On Mon, Jul 24, 2017 at 11:39 PM, Tab Atkins Jr. <[hidden email]> wrote:

> Yeah, thus the "often". ^_^

:-)

> It's been done a few times in DOM land iirc.

Nothing's coming to mind, but I haven't watched DOM as closely as JS.
It'd be interesting to know what was done, when.

> Relying on a promise to resolve to undefined is probably quite
> rare; it would mean that you're explicitly testing for undefined on
> the far end.

Not necessarily, you could be testing for any falsy value, etc. Yes,
it's rare, but it's not limited to Promises either.
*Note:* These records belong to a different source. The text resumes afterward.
lemma plucker_coord_lift_expand:
  "plucker_coord (map (lin_comb bs) ys @ us) S =
    (\<Sum>T\<in>{T. T \<subseteq> {..<length bs} \<and> card T = length ys}.
       plucker_coord ys T * plucker_coord (map ((!) bs) (sorted_list_of_set T) @ us) S)"
proof -
  let ?q = "length ys" and ?N = "length ys + length us" and ?g = "(!) (sorted_list_of_set S)"
  let ?P = "\<lambda>i j. (us ! (i - ?q)) (?g j)"
  have "plucker_coord (map (lin_comb bs) ys @ us) S
      = det_l ?N (\<lambda>i j. if i < ?q then (\<Sum>t\<in>{..<length bs}. (ys!i) t * (bs!t) (?g j)) else ?P i j)"
    unfolding plucker_coord_def length_append length_map
    by (rule det_l_cong) (simp add: nth_append lin_comb_def)
  also have "\<dots> = (\<Sum>f\<in>PiE {..<?q} (\<lambda>_. {..<length bs}). (\<Prod>i<?q. (ys!i) (f i)) *
         det_l ?N (\<lambda>i j. if i < ?q then (bs ! f i) (?g j) else ?P i j))"
    by (rule det_l_expand_rows) simp_all
  also have "\<dots> = (\<Sum>T\<in>{T. T \<subseteq> {..<length bs} \<and> card T = ?q}.
        det_l ?q (\<lambda>i j. (ys!i) (sorted_list_of_set T ! j)) *
        det_l ?N (\<lambda>i j. if i < ?q then (bs ! (sorted_list_of_set T ! i)) (?g j) else ?P i j))"
    by (rule sum_PiE_det_l_eq_sum_subsets) simp
  also have "\<dots> = (\<Sum>T\<in>{T. T \<subseteq> {..<length bs} \<and> card T = ?q}.
       plucker_coord ys T * plucker_coord (map ((!) bs) (sorted_list_of_set T) @ us) S)"
  proof (rule sum.cong[OF refl])
    fix T assume T: "T \<in> {T. T \<subseteq> {..<length bs} \<and> card T = ?q}"
    then have lT: "length (sorted_list_of_set T) = ?q" by (auto intro: finite_subset)
    have "det_l ?N (\<lambda>i j. if i < ?q then (bs ! (sorted_list_of_set T ! i)) (?g j) else ?P i j)
        = plucker_coord (map ((!) bs) (sorted_list_of_set T) @ us) S"
      unfolding plucker_coord_def length_append length_map lT
      by (rule det_l_cong) (use T in \<open>simp add: nth_append\<close>)
    then show "det_l ?q (\<lambda>i j. (ys!i) (sorted_list_of_set T ! j)) *
        det_l ?N (\<lambda>i j. if i < ?q then (bs ! (sorted_list_of_set T ! i)) (?g j) else ?P i j)
      = plucker_coord ys T * plucker_coord (map ((!) bs) (sorted_list_of_set T) @ us) S"
      by (simp add: plucker_coord_def)
  qed
  finally show ?thesis .
qed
People seem
obsessed with avoiding having multiple statements if they can get away
with one, even with code that makes no semantic sense; I've seen this
kind of return from methods many times:

```js
if (someCondition) return somethingKnownNotToHaveAReturnValue();
```

...where `somethingKnownNotToHaveAReturnValue` is frequently
`console.log` or `alert` or even `someArray.forEach`. Changing the
return value of `forEach` would change the return value of code doing
this with `forEach`. (I confess a small part of me *wants* to break
that code. But it's a small part, and I'm not proud of it. :-) )

Concise arrow functions have made it even more common by making it
more hidden; the promise `then` handler was meant just as an example
of a concise arrow function doing this.

For my part, I think `forEach` is too deeply entrenched with its
current return value to get a new one. But "thinking" is just that;
proper research would need to be done.